Development of an automated system for synthesizing 18F-labeled compounds using [18F]fluoroethyl bromide as a synthetic precursor.

An automated system was developed to synthesize 18F-labeled compounds using [18F]fluoroethyl bromide ([18F]FEtBr) as a synthetic precursor. The apparatus makes possible the following sequence of processes: (1) production of an aqueous solution of [18F]fluoride ([18F]F-), (2) recovery of [18F]F- from target chamber, (3) drying of [18F]F-, (4) formation and distillation of [18F]FEtBr into a trapping vessel, (5) alkylation of target compounds with [18F]FEtBr, (6) High performance liquid chromatography purification and (7) formulation. [18F]FEtBr, the synthetic precursor for fluoroethylation, was labeled via nucleophilic displacement of 2-trifluoromethanesulfonyloxy ethylbromide (BrCH2CH2OTf) with [18F]F- and was purified from the reaction mixture by distillation. After the conditions for forming [18F]FEtBr and drying [18F]F- were optimized, [18F]FEtBr was obtained in a radiochemical yield of 71 +/- 13% (n = 21, based on [18F]F-, corrected for decay) and a radiochemical purity of 98 +/- 1.4% at end of the syntheses (EOS). Using this automated system, [18F]fluoroethylspiperone ([18F]FEtSP) was prepared by reacting spiperone with [18F]FEtBr in a radiochemical yield and purity of 56 +/- 12% (n = 5, based on [18F]FEtBr, corrected for decay) and 97 +/- 1.5% with a specific activity of 310 +/- 120 GBq/mumol at EOS. The total synthesis time was 55 +/- 2.3 min from the end of bombardment and the developed system has proved to be reliable and reproducible.

Synthesis and preliminary evaluation of [18F]FEtP4A, a promising PET tracer for mapping acetylcholinesterase in vivo.

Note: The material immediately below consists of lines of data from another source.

lemma Inter_closure_image_decseq_shrinking:
  fixes f :: "'a \<Rightarrow> 'x::topological_space"
  assumes Hausdorff: "Hausdorff_space (euclidean :: 'x topology)"
    and f: "continuous_map mtopology euclidean f"
  shows "(\<Inter>n. closure (f ` L n)) \<subseteq> f ` (\<Inter>n. L n)"
proof
  fix y assume y: "y \<in> (\<Inter>n. closure (f ` L n))"
  show "y \<in> f ` (\<Inter>n. L n)"
  proof (rule ccontr)
    assume "y \<notin> f ` (\<Inter>n. L n)"
    then have disj: "disjnt {y} (f ` (\<Inter>n. L n))"
      by simp
    have compact: "compactin euclidean (f ` (\<Inter>n. L n))"
      using image_compactin[OF compactin_Inter_decseq_shrinking f] .
    obtain U V where UV: "openin euclidean U" "openin euclidean V" "{y} \<subseteq> U"
        "f ` (\<Inter>n. L n) \<subseteq> V" "disjnt U V"
      using Hausdorff_space_compact_separation[OF Hausdorff _ compact disj] by auto
    have "openin mtopology {p \<in> M. f p \<in> V}"
      using openin_continuous_map_preimage[OF f UV(2)] by simp
    moreover have "(\<Inter>n. L n) \<subseteq> {p \<in> M. f p \<in> V}"
      using UV(4) closedin_subset[OF closed, of 0] by auto
    ultimately obtain n where "L n \<subseteq> {p \<in> M. f p \<in> V}"
      using decseq_shrinking_subset_open by presburger
    then have "f ` L n \<subseteq> V"
      by auto
    then have "U \<inter> f ` L n = {}"
      using UV(5) by (auto simp: disjnt_def)
    then have "U \<inter> closure (f ` L n) = {}"
      using open_Int_closure_eq_empty[of U "f ` L n"] UV(1) by simp
    then show False
      using y UV(3) by auto
  qed
qed

end

lemma separable_space_dense_sequence:
  assumes "separable_space mtopology" "M \<noteq> {}"
  obtains D :: "nat \<Rightarrow> 'a" where "range D \<subseteq> M" "mtopology closure_of range D = M"
proof -
  obtain C where C: "countable C" "C \<subseteq> M" "mtopology closure_of C = M"
    using assms(1) unfolding separable_space_def by auto
  moreover have "C \<noteq> {}"
    using C(3) assms(2) by auto
  ultimately show thesis
    using that[of "from_nat_into C"] by simp
qed

text \<open>For a dense sequence D these are the levels of the Souslin scheme in Lusin's proof: m i
  bounds the number of points of D whose 2^-i-balls may be used at scale i.\<close>

definition sieve :: "(nat \<Rightarrow> 'a) \<Rightarrow> (nat \<Rightarrow> nat) \<Rightarrow> nat \<Rightarrow> 'a set" where
  "sieve D m n = {p \<in> M. \<forall>i<n. \<exists>k\<le>m i. d (D k) p \<le> (1/2) ^ i}"

lemma sieve_0 [simp]: "sieve D m 0 = M"
  by (simp add: sieve_def)

lemma decseq_sieve: "decseq (sieve D m)"
  by (auto simp: decseq_def sieve_def)

lemma sieve_cong: "(\<And>i. i < n \<Longrightarrow> m i = m' i) \<Longrightarrow> sieve D m n = sieve D m' n"
  by (simp add: sieve_def)

lemma closedin_sieve:
  assumes "range D \<subseteq> M"
  shows "closedin mtopology (sieve D m n)"
proof -
  have "sieve D m n = \<Inter>(insert M ((\<lambda>i. \<Union>k\<le>m i. mcball (D k) ((1/2) ^ i)) ` {..<n}))"
    using assms unfolding sieve_def mcball_def image_subset_iff by blast
  also have "closedin mtopology \<dots>"
    by (intro closedin_Inter) (auto intro!: closedin_Union)
  finally show ?thesis .
qed

lemma sieve_Suc_subset_mcballs:
  assumes "range D \<subseteq> M"
  shows "sieve D m (Suc n) \<subseteq> (\<Union>k\<le>m n. mcball (D k) ((1/2) ^ n))"
  using assms unfolding sieve_def mcball_def image_subset_iff by blast

lemma sieve_shrinking:
  assumes "range D \<subseteq> M" "e > 0"
  shows "\<exists>n F. finite F \<and> F \<subseteq> M \<and> sieve D m n \<subseteq> (\<Union>c\<in>F. mcball c e)"
proof -
  obtain n where "(1/2) ^ n < e"
    using real_arch_pow_inv[OF assms(2), of "1/2"] by auto
  then have "sieve D m (Suc n) \<subseteq> (\<Union>c\<in>D ` {..m n}. mcball c e)"
    using sieve_Suc_subset_mcballs[OF assms(1), of m n] mcball_subset_concentric[of "(1/2) ^ n" e]
    by fastforce
  then show ?thesis
    using assms(1) by (intro exI[of _ "Suc n"] exI[of _ "D ` {..m n}"]) auto
qed

lemma sieve_update_Suc:
  "sieve D (m(n := j)) (Suc n) = sieve D m n \<inter> {p. \<exists>k\<le>j. d (D k) p \<le> (1/2) ^ n}"
  by (auto simp: sieve_def less_Suc_eq)

lemma incseq_sieve_update: "incseq (\<lambda>j. sieve D (m(n := j)) (Suc n))"
  unfolding incseq_def sieve_update_Suc by (auto intro: order_trans)

lemma UN_sieve_update:
  assumes "mtopology closure_of range D = M"
  shows "(\<Union>j. sieve D (m(n := j)) (Suc n)) = sieve D m n"
proof -
  have "\<exists>k. d (D k) p \<le> (1/2) ^ n" if "p \<in> M" for p
  proof -
    have "p \<in> mtopology closure_of range D"
      using assms that by simp
    moreover have "(1/2 :: real) ^ n > 0"
      by simp
    ultimately obtain k where "D k \<in> mcball p ((1/2) ^ n)"
      unfolding metric_closure_of_alt by blast
    then show ?thesis
      using commute by auto
  qed
  then show ?thesis
    unfolding sieve_update_Suc by (auto simp: sieve_def) (meson order_refl)
qed

lemma sieve_outer_measure_gt:
  fixes f :: "'a \<Rightarrow> 'x" and N :: "'x measure"
  assumes dense: "mtopology closure_of range D = M" and space: "space N = UNIV"
    and c: "c < outer_measure_of N (f ` M)"
  shows "\<exists>m. \<forall>n. c < outer_measure_of N (f ` sieve D m n)"
proof -
  have step: "\<exists>j. c < outer_measure_of N (f ` sieve D (m(n := j)) (Suc n))"
    if "c < outer_measure_of N (f ` sieve D m n)" for m n
  proof -
    have "incseq (\<lambda>j. f ` sieve D (m(n := j)) (Suc n))"
      using incseq_sieve_update[of D m n] unfolding incseq_def by (blast intro: image_mono)
    moreover have "(\<Union>j. f ` sieve D (m(n := j)) (Suc n)) = f ` sieve D m n"
      using UN_sieve_update[OF dense, of m n] by blast
    ultimately have "outer_measure_of N (f ` sieve D m n) =
        (SUP j. outer_measure_of N (f ` sieve D (m(n := j)) (Suc n)))"
      using SUP_outer_measure_of_incseq[of "\<lambda>j. f ` sieve D (m(n := j)) (Suc n)" N] space by simp
    then show ?thesis
      using that by (simp add: less_SUP_iff)
  qed
  \<comment> \<open>g n holds the bounds chosen for the scales below n; later stages never change them.\<close>
  have "\<exists>g. \<forall>n. c < outer_measure_of N (f ` sieve D (g n) n) \<and> g (Suc n) = (g n)(n := g (Suc n) n)"
  proof (rule dependent_nat_choice)
    show "\<exists>m. c < outer_measure_of N (f ` sieve D m 0)"
      using c by simp
    fix m n assume "c < outer_measure_of N (f ` sieve D m n)"
    then obtain j where "c < outer_measure_of N (f ` sieve D (m(n := j)) (Suc n))"
      using step by blast
    then show "\<exists>m'. c < outer_measure_of N (f ` sieve D m' (Suc n)) \<and> m' = m(n := m' n)"
      by (intro exI[of _ "m(n := j)"]) simp
  qed
  then obtain g where g: "\<And>n. c < outer_measure_of N (f ` sieve D (g n) n)"
    and g_Suc: "\<And>n. g (Suc n) = (g n)(n := g (Suc n) n)"
    by blast
  have g_prefix: "g n i = g (Suc i) i" if "i < n" for n i
    using that
  proof (induction n)
    case (Suc n)
    show ?case
    proof (cases "i = n")
      case False
      then have "g (Suc n) i = g n i"
        using fun_cong[OF g_Suc[of n], of i] by simp
      with Suc False show ?thesis
        by simp
    qed simp
  qed simp
  have "sieve D (g n) n = sieve D (\<lambda>i. g (Suc i) i) n" for n
    by (rule sieve_cong) (rule g_prefix)
  then show ?thesis
    using g by (intro exI[of _ "\<lambda>i. g (Suc i) i"]) simp
qed

theorem continuous_image_sets_completion:
  fixes f :: "'a \<Rightarrow> 'x::topological_space" and N :: "'x measure"
  assumes complete: "mcomplete" and separable: "separable_space mtopology"
    and N: "finite_measure N" "sets N = sets borel"
    and Hausdorff: "Hausdorff_space (euclidean :: 'x topology)"
    and f: "continuous_map mtopology euclidean f"
  shows "f ` M \<in> sets (completion N)"
proof (cases "M = {}")
  case False
  interpret N: finite_measure N by fact
  have space: "space N = UNIV"
    using sets_eq_imp_space_eq[OF N(2)] by simp
  obtain D :: "nat \<Rightarrow> 'a" where D: "range D \<subseteq> M" "mtopology closure_of range D = M"
    using separable_space_dense_sequence[OF separable False] by blast
  show ?thesis
  proof (rule N.sets_completionI_inner_approx)
    show "f ` M \<subseteq> space N"
      by (simp add: space)
    fix c assume "c < outer_measure_of N (f ` M)"
    then obtain m where m: "\<And>n. c < outer_measure_of N (f ` sieve D m n)"
      using sieve_outer_measure_gt[OF D(2) space] by blast
    define B where "B = (\<Inter>n. closure (f ` sieve D m n))"
    have B_sets: "B \<in> sets N"
      by (simp add: B_def N(2))
    have "(\<Inter>n. sieve D m n) \<subseteq> M"
      using INT_lower[of 0 UNIV "sieve D m"] by simp
    then have B_subset: "B \<subseteq> f ` M"
      using Inter_closure_image_decseq_shrinking[OF complete decseq_sieve[of D m]
          closedin_sieve[OF D(1)] sieve_shrinking[OF D(1)] Hausdorff f]
      unfolding B_def by blast
    have "c < emeasure N (closure (f ` sieve D m n))" for n
    proof -
      have "closure (f ` sieve D m n) \<in> sets N"
        by (simp add: N(2) borel_closed)
      then have "outer_measure_of N (f ` sieve D m n) \<le> emeasure N (closure (f ` sieve D m n))"
        by (metis outer_measure_of_mono[OF closure_subset] outer_measure_of_eq)
      with m[of n] show ?thesis
        by (rule order_less_le_trans)
    qed
    then have "c \<le> (INF n. emeasure N (closure (f ` sieve D m n)))"
      by (intro INF_greatest less_imp_le)
    also have "\<dots> = emeasure N B"
      unfolding B_def using N.emeasure_finite
      by (intro INF_emeasure_decseq')
        (auto simp: N(2) decseq_def intro!: closure_mono image_mono decseqD[OF decseq_sieve])
    finally show "\<exists>B\<in>sets N. B \<subseteq> f ` M \<and> c \<le> emeasure N B"
      using B_sets B_subset by blast
  qed
qed simp

end

lemma analytic_in_sets_completion:
  fixes N :: "'x::topological_space measure"
  assumes "analytic_in euclidean A" "finite_measure N" "sets N = sets borel"
    and "Hausdorff_space (euclidean :: 'x topology)"
  shows "A \<in> sets (completion N)"
proof -
  obtain P :: "(nat \<Rightarrow> real) topology" and g where
    P: "Polish_space P" and g: "continuous_map P euclidean g" "g ` topspace P = A"
    using assms(1) unfolding analytic_in_def by blast
  obtain M d where "Metric_space M d" "Metric_space.mcomplete M d" "P = Metric_space.mtopology M d"
    using P unfolding Polish_space_def completely_metrizable_space_def by auto
  then show ?thesis
    using Metric_space.continuous_image_sets_completion[of M d N g] P g assms(2-)
    unfolding Polish_space_def by (auto simp: Metric_space.topspace_mtopology)
qed

lemma universally_measurable_vimage_analytic:
  fixes G :: "'w::topological_space \<Rightarrow> 'x::topological_space"
  assumes "analytic_in euclidean S" "Hausdorff_space (euclidean :: 'x topology)"
    and G: "G \<in> borel_measurable borel"
  shows "universally_measurable (G -` S)"
  unfolding universally_measurable_def
proof (intro allI impI)
  fix M :: "'w measure" assume M: "prob_space M \<and> sets M = sets borel"
  then have G_M: "G \<in> borel_measurable M"
    using G measurable_cong_sets by blast
  then have "finite_measure (distr M borel G)"
    using M prob_space.prob_space_distr prob_space.finite_measure by blast
  then have "S \<in> sets (completion (distr M borel G))"
    using analytic_in_sets_completion[OF assms(1) _ _ assms(2)] by simp
  then have "G -` S \<inter> space M \<in> sets (completion M)"
    by (rule sets_completion_vimage[OF G_M])
  then show "G -` S \<in> sets (completion M)"
    using sets_eq_imp_space_eq[of M borel] M by simp
qed

lemma universally_measurable_INT:
  "(\<And>i :: nat. universally_measurable (A i)) \<Longrightarrow> universally_measurable (\<Inter>i. A i)"
  unfolding universally_measurable_def by auto

section \<open>Countable networks\<close>

definition countable_network :: "'a::topological_space set set \<Rightarrow> bool" where
  "countable_network \<N> \<longleftrightarrow>
     countable \<N> \<and> (\<forall>U x. open U \<and> x \<in> U \<longrightarrow> (\<exists>N\<in>\<N>. x \<in> N \<and> N \<subseteq> U))"

lemma countable_networkD:
  "countable_network \<N> \<Longrightarrow> open U \<Longrightarrow> x \<in> U \<Longrightarrow> \<exists>N\<in>\<N>. x \<in> N \<and> N \<subseteq> U"
  unfolding countable_network_def by blast

lemma countable_network_continuous_image:
  fixes g :: "'p \<Rightarrow> 'a::topological_space"
  assumes "second_countable P" and g: "continuous_map P euclidean g" "g ` topspace P = UNIV"
  shows "\<exists>\<N> :: 'a set set. countable_network \<N>"
proof -
  obtain \<B> where \<B>: "countable \<B>"
    "\<And>U x. openin P U \<Longrightarrow> x \<in> U \<Longrightarrow> \<exists>V\<in>\<B>. x \<in> V \<and> V \<subseteq> U"
    using assms(1) unfolding second_countable_def by meson
  have "\<exists>N\<in>image g ` \<B>. x \<in> N \<and> N \<subseteq> U" if "open U" "x \<in> U" for U x
  proof -
    obtain p where p: "p \<in> topspace P" "x = g p"
      using g(2) by (metis UNIV_I imageE)
    have "openin P {q \<in> topspace P. g q \<in> U}"
      using openin_continuous_map_preimage[OF g(1)] \<open>open U\<close> by simp
    then obtain V where V: "V \<in> \<B>" "p \<in> V" "V \<subseteq> {q \<in> topspace P. g q \<in> U}"
      using \<B>(2) p \<open>x \<in> U\<close> by (metis (no_types, lifting) mem_Collect_eq)
    then have "g ` V \<in> image g ` \<B>" "x \<in> g ` V" "g ` V \<subseteq> U"
      using p by auto
    then show ?thesis by blast
  qed
  moreover have "countable (image g ` \<B>)"
    using \<B>(1) by simp
  ultimately show ?thesis
    unfolding countable_network_def by blast
qed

N-[18F]Fluoroethyl-4-piperidyl acetate ([18F]FEtP4A), an analog of [11C]MP4A for mapping brain acetylcholineseterase (AchE) activity, was prepared by reacting 4-piperidyl acetate (P4A) with [18F]fluoroethyl bromide ([18F]FEtBr) using a newly developed automated system. Preliminary evaluation showed that the initial uptake of [18F]FEtP4A in the mouse brain was > 8% injected dose/g tissue. The distribution pattern of [18F]FEtP4A in the brain was striatum>cerebral cortex>cerebellum within 10-120 min post-injection, which reflected the distribution rank pattern of AchE activity in the brain. Moreover, chemical analysis of in vivo radioactive metabolites in the mouse brain indicated that 83% of [18F]FEtP4A was hydrolyzed to N-[18F]fluoroethyl-4-piperidinol ([18F]FEtP4OH) after 1 min intravenous injection. From these results, [18F]FEtP4A may become a promising PET tracer for mapping the AchE in vivo.